Una vez resuelta la resistencia en el Musa Dagh,
Bagradian debe conformarse con asumir el mando militar; el mando supremo recae
en el sacerdote del lugar, Ter Haigassun, hombre adusto y respetado por todos.
Gabriel descubre en sí insospechadas condiciones para la jefatura y la
organización, y será principalmente por el riguroso ejercicio de sus facultades
y sus constantes desvelos que los asediados –entre los cuales se cuentan
mujeres, ancianos y niños– se apuntarán una breve sucesión de triunfos. Ahora
bien, es su hijo Esteban quien debe sufrir lo peor del estigma del extranjero,
del que no pertenece a la comunidad; los chicos de su edad se lo hacen saber
continuamente. Por más que se esfuerce en ganarse su afecto y su respeto –y
vaya que comete locuras para lograrlo–, siempre habrá una barrera infranqueable
entre él y los indígenas del valle del Musa Dagh: «No eres de los nuestros»,
parecen decir sus gestos, incluso sus omisiones. La situación carga con el
signo de la fatalidad. ¿Será lo mismo para todos los asediados?
De: HISlibris.com
Testimonio del único sobreviviente de 97 años
de edad de Musa Dagh
Vakifili es el único sobreviviente del
pueblo armenio en la provincia de Hatay en Turquía, de aquellas 6 aldeas
armenias situadas a los pies de Monte Musa.
Antes de los
acontecimientos sangrientos de 1915, seis aldeas armenias fueron habitadas por
6.000 armenios. Buques de guerra franceses transportan a los 4.000 armenios que
sobrevivieron a la resistencia de 40 días de Musa Dagh hacia Egipto.
Después de la
derrota de Turquía en la Primera Guerra Mundial, regresó de nuevo a su patria
en 1919. Sin embargo, en 1939 la provincia y entre ellos los seis pueblos
armenios de Musa Dagh, pasaron a manos turcas.
Los residentes en
Musaler emigraron de la provincia y se establecieron en el Líbano dando en conmemoración los nombres a los
distritos de cada una de las aldeas de Musa Dagh.
Sin embargo,
algunos residentes de la aldea de Vakifli eligieron quedarse. Hoy en día es el
único pueblo en el que se habla lengua armenia. Un total de 135 armenios viven
en un pequeño pueblo.
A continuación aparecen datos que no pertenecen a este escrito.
lemma energy_bound_split:
  assumes G: "simple_graph n E" and nonsingular: "det (adj_matrix n E) \<noteq> 0" and n: "5 \<le> n"
    and a: "0 < a" "a < n" and no_cross: "\<And>i j. i < a \<Longrightarrow> a \<le> j \<Longrightarrow> \<not> E i j"
    and smaller: "\<And>k F. k < n \<Longrightarrow> 5 \<le> k \<Longrightarrow> simple_graph k F \<Longrightarrow> det (adj_matrix k F) \<noteq> 0 \<Longrightarrow>
      real k - 1 + avg_degree k F \<le> energy k F"
  shows "real n - 1 + avg_degree n E \<le> energy n E"
proof (rule energy_bound_from_shares[OF G a(2) no_cross])
  note split = G less_imp_le[OF a(2)] no_cross
  have "det (adj_matrix a (graph_prefix a E)) * det (adj_matrix (n - a) (graph_suffix a E)) \<noteq> 0"
    using nonsingular det_adj_matrix_split[OF split] by simp
  then have nonsingular_prefix: "det (adj_matrix a (graph_prefix a E)) \<noteq> 0"
    and nonsingular_suffix: "det (adj_matrix (n - a) (graph_suffix a E)) \<noteq> 0" by auto
  note prefix = simple_graph_prefix[OF G] and suffix = simple_graph_suffix[OF G]
  have "2 \<le> a" "2 \<le> n - a"
    using nonsingular_order_ge_2[OF prefix nonsingular_prefix]
      nonsingular_order_ge_2[OF suffix nonsingular_suffix] a by auto
  show "real a + (real (card {(i, j). graph_prefix a E i j}) - real a) / real n
      \<le> energy a (graph_prefix a E)"
    using \<open>2 \<le> a\<close> \<open>2 \<le> n - a\<close> n a smaller[OF a(2) _ prefix nonsingular_prefix]
    by (intro energy_share_ge[OF prefix nonsingular_prefix]) auto
  show "real (n - a) + (real (card {(i, j). graph_suffix a E i j}) - real (n - a)) / real n
      \<le> energy (n - a) (graph_suffix a E)"
    using \<open>2 \<le> a\<close> \<open>2 \<le> n - a\<close> n a smaller[of "n - a", OF _ _ suffix nonsingular_suffix]
    by (intro energy_share_ge[OF suffix nonsingular_suffix]) auto
qed

lemma energy_bound_disconnected:
  assumes G: "simple_graph n E" and nonsingular: "det (adj_matrix n E) \<noteq> 0" and n: "5 \<le> n"
    and disconnected: "\<not> connected_graph n E"
    and smaller: "\<And>k F. k < n \<Longrightarrow> 5 \<le> k \<Longrightarrow> simple_graph k F \<Longrightarrow> det (adj_matrix k F) \<noteq> 0 \<Longrightarrow>
      real k - 1 + avg_degree k F \<le> energy k F"
  shows "real n - 1 + avg_degree n E \<le> energy n E"
proof -
  obtain p a where p: "p permutes {0..<n}" and a: "0 < a" "a < n"
    and no_cross: "\<And>i j. i < a \<Longrightarrow> a \<le> j \<Longrightarrow> \<not> E (p i) (p j)"
    using disconnected_graph_split[OF G _ disconnected] n by auto
  have G': "simple_graph n (\<lambda>i j. E (p i) (p j))" by (rule simple_graph_relabel[OF p G])
  have "real n - 1 + avg_degree n (\<lambda>i j. E (p i) (p j)) \<le> energy n (\<lambda>i j. E (p i) (p j))"
    by (rule energy_bound_split[OF G' _ n a no_cross smaller])
      (simp add: det_adj_matrix_relabel[OF p] nonsingular)
  moreover have "avg_degree n (\<lambda>i j. E (p i) (p j)) = avg_degree n E"
    unfolding avg_degree_eq_card_arcs[OF G] avg_degree_eq_card_arcs[OF G'] card_arcs_relabel[OF p] ..
  ultimately show ?thesis unfolding energy_relabel[OF p] by simp
qed

theorem theorem3p6:
  assumes conn_case: "\<And>n E. n \<ge> 5 \<Longrightarrow> simple_graph n E \<Longrightarrow> connected_graph n E \<Longrightarrow>
      det (adj_matrix n E) \<noteq> 0 \<Longrightarrow> energy n E \<ge> real n - 1 + avg_degree n E"
  and "n \<ge> 5" and "simple_graph n E" and "det (adj_matrix n E) \<noteq> 0"
  shows "energy n E \<ge> real n - 1 + avg_degree n E"
  using assms(2-4)
proof (induction n arbitrary: E rule: less_induct)
  case (less n)
  show ?case
  proof (cases "connected_graph n E")
    case True
    then show ?thesis using conn_case less.prems by blast
  next
    case False
    then show ?thesis using energy_bound_disconnected less.prems less.IH by blast
  qed
qed

end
Avetis Demirchyan, el ocupante de 97 años de edad de la
aldea, era el más joven testigo de la resistencia de Musa Dagh. No recuerda
todo con claridad, ya que era un niño de dos años. El hombre habla armenio,
francés y árabe y cantan el himno de Armenia y otras canciones patrióticas.
"En 1915 nos
llevaron a Egipto donde permanecimos hasta 1919. Turquía fue derrotada en la
guerra y se nos preguntó a donde queriamos ser trasladados. Decidimos volver a
Musa Dagh. Hubo seis aldeas armenias aquí, pero en 1939 Francia se las dió a la
provincia de Turquía. La mayoría de los armenios huyeron de sus aldeas nativas,
pero algunos nos quedamos aquí", dijo el hombre en una entrevista con
NEWS.am.
Demirchyan tiene
dos hijas y tres hijos, pero ninguno de ellos vive en Vakifli. Algunos están
Estambul, Alemania y Canadá. El famoso pintor Artin Demirchi es el hijo de
Avetis Demirchyan. "Su apellido es Demirchyan, sin embargo, los turcos
cortaron la partícula yan", dijo el anciano.
Las obras Artin
Demirchi han sido exhibidas en exposiciones privadas y en diversas ciudades de
todo el mundo.
"Hubo una
escuela armenia en nuestro pueblo, pero mi padre no me envió a la escuela. Me
guió, pero aprendí a hablar y escribir en armenio por mi cuenta", dijo el
anciano.
"En 1979 fui a
la patria y me quedé en el Hotel Armenia por 16 días. Una persona me dijo
entonces que comiera y bebiera, pero me ordenó no hacer preguntas
políticas", dijo el hombre.
Los 5.000 armenios
de Musa Dagh llegaron a Armenia entre 1946-1947. En 1972, el pueblo de Ginevet,
cerca de la ciudad de Etchmiadzin, pasó a llamarse Musaler. El 16 de septiembre
de 1976, un monumento dedicado a la resistencia
de Musa Dagh fue inaugurado en una colina cercana a Musaler.